It tracks the reverse mapping, so you can recover the original symbol given a variable in get_symbol_for; this is useful for turning a SAT assignment back into sympy assignments.

Next, we need something to store this mapping along with the clause list. You need both to emit valid DIMACS, since the header line contains both the variable count (which the mapping knows) and the clause count (which the clause list knows). This is basically a glorified tuple, with a __str__ that does the conversion to well-formed DIMACS text:

class DimacsFormula:
    def __init__(self, mapping, clauses):
        self._mapping = mapping
        self._clauses = clauses

    @property
    def mapping(self):
        return self._mapping

    @property
    def clauses(self):
        return self._clauses

    def __str__(self):
        header = f"p cnf {self._mapping.total_variables} {len(self._clauses)}"
        body = "\n".join(
            " ".join([str(literal) for literal in clause] + ["0"])
            for clause in self._clauses
        )

        return "\n".join([header, body])

Last, we just walk over the sympy AST to create DIMACS clauses:

from sympy.core.symbol import Symbol
from sympy.logic.boolalg import to_cnf, And, Or, Not

def to_dimacs_formula(sympy_cnf):
    dimacs_mapping = DimacsMapping()
    dimacs_clauses = []

    assert type(sympy_cnf) == And
    for sympy_clause in sympy_cnf.args:
        assert type(sympy_clause) == Or

        dimacs_clause = []
        for sympy_literal in sympy_clause.args:
            if type(sympy_literal) == Not:
                sympy_symbol, polarity = sympy_literal.args[0], -1
            elif type(sympy_literal) == Symbol:
                sympy_symbol, polarity = sympy_literal, 1
            else:
                raise AssertionError("invalid cnf")

            dimacs_variable = dimacs_mapping.get_variable_for(sympy_symbol)
            dimacs_literal = dimacs_variable * polarity
            dimacs_clause.append(dimacs_literal)

        dimacs_clauses.append(dimacs_clause)

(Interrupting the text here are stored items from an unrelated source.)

definition Bc :: "nat \<Rightarrow> real \<Rightarrow> real \<Rightarrow> nat \<Rightarrow> nat \<Rightarrow> real" where
  "Bc n tau h r c =
     (if r < 3 + 6*n \<and> c < 1 + n \<and> blk r = c then
        (if c = 0 then Evec tau (off r) else Fvec h (off r))
      else 0)"

text \<open>State indices (0-based) of the components of vehicle i >= 1:
 e_i, de_i, p_i, v_i, a_i, u_i; and of the reference vehicle: p_0, v_0, a_0.\<close>
definition eidx :: "nat \<Rightarrow> nat" where "eidx i = 6*i - 3"
definition edidx :: "nat \<Rightarrow> nat" where "edidx i = 6*i - 2"
definition pidx :: "nat \<Rightarrow> nat" where "pidx i = (if i = 0 then 0 else 6*i - 1)"
definition vidx :: "nat \<Rightarrow> nat" where "vidx i = (if i = 0 then 1 else 6*i)"
definition aidx :: "nat \<Rightarrow> nat" where "aidx i = (if i = 0 then 2 else 6*i + 1)"
definition uidx :: "nat \<Rightarrow> nat" where "uidx i = 6*i + 2"

definition brake_input :: "real \<Rightarrow> real \<Rightarrow> real \<Rightarrow> (real \<Rightarrow> real) \<Rightarrow> real \<Rightarrow> real" where
  "brake_input gamma eta tb vb t = (if t < tb then 0 else max (- gamma) (- eta * vb t))"
lemma moebius_inversion:
  fixes c :: "nat \<Rightarrow> rat"
  assumes d: "1 \<le> d" and c: "\<And>n. d < n \<Longrightarrow> c n = 0"
  shows "(\<Sum>k\<in>{1..d}. \<Sum>j\<in>{1..d}. moebius k / (of_nat k * of_nat j) * c (k * j)) = c 1"
proof -
  let ?g = "\<lambda>k j. moebius k / (of_nat k * of_nat j) * c (k * j)"
  have "(\<Sum>k\<in>{1..d}. \<Sum>j\<in>{1..d}. ?g k j) = (\<Sum>p\<in>{1..d} \<times> {1..d}. ?g (fst p) (snd p))"
    by (simp add: sum.cartesian_product split_beta)
  also have "\<dots> = (\<Sum>p\<in>{p\<in>{1..d} \<times> {1..d}. fst p * snd p \<le> d}. ?g (fst p) (snd p))"
    by (rule sum.mono_neutral_right) (auto simp: c not_le)
  also have "\<dots> = (\<Sum>n\<in>{1..d}. \<Sum>k | k dvd n. ?g k (n div k))"
    by (rule sum_product_le_conv_sum_divisors)
  also have "\<dots> = (\<Sum>n\<in>{1..d}. \<Sum>k | k dvd n. moebius k / of_nat n * c n)"
    by (intro sum.cong refl) (simp flip: of_nat_mult)
  also have "\<dots> = (\<Sum>n\<in>{1..d}. c n / of_nat n * (\<Sum>k | k dvd n. moebius k))"
    by (simp add: sum_distrib_left mult_ac)
  also have "\<dots> = (\<Sum>n\<in>{1..d}. if n = 1 then c n else 0)"
  proof (intro sum.cong refl)
    fix n assume "n \<in> {1..d}"
    hence "n > 0" by simp
    thus "c n / of_nat n * (\<Sum>k | k dvd n. moebius k) = (if n = 1 then c n else 0)"
      by (simp add: sum_moebius_divisors)
  qed
  also have "\<dots> = c 1" using d by simp
  finally show ?thesis .
qed

section \<open>The plethystic exponential\<close>

definition adams_sum :: "symfun \<Rightarrow> symfun" where
  "adams_sum y = graded_sum (\<lambda>k. sf_const (1 / of_nat k) * adams k y)"

definition pleth_exp :: "symfun \<Rightarrow> symfun" where
  "pleth_exp y = fps_subst (fps_exp 1) (adams_sum y)"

    return DimacsFormula(dimacs_mapping, dimacs_clauses)

This just descends down the tree, until it gets the root symbol and whether or not it was negated (i.e., was in a Not indicating negative polarity). Once the symbol is mapped to its variable, we can leave it positive or negate it to maintain polarity and append it to the DIMACS clause.

Do this for all Or nodes and we have a mapped DIMACS formula.

f = to_cnf(~(A | B) | D)
print(f)
print()

f_dimacs = to_dimacs_formula(f)
print(f_dimacs)
print()
print(f_dimacs.mapping)
(D | ~A) & (D | ~B)

p cnf 3 2
1 -2 0
1 -3 0

{1: D, 2: A, 3: B}

As an aside, you probably don't want to use to_cnf to get a CNF for purposes of testing satisfiability. In general, converting a boolean formula to an equivalent CNF can result in exponential size increase.

Note in the above example for f, variable D only appeared once in the formula yet appeared twice in the CNF. If it had been more complicated, like (C | D), then that entire subformula gets copied:

f = to_cnf(~(A | B) | (C | D))
print(f)
(C | D | ~A) & (C | D | ~B)

If it was even more complicated, you can see how you end up with copies of copies of copies... and so on. For the purposes of testing satisfiability, we do not need an equivalent formula but merely an equisatisfiable one.

This is a formula that may not be equivalent, but is satisfiable if and only if the original was. It can have new clauses and different variables. This relaxation gives a linear sized translation instead.

To do this, rather than allow subformulas to be copied we will allocate a variable that represents the truth value of that subformula and use that instead. This is called a Tseitin transformation, and I go into more detail in this answer.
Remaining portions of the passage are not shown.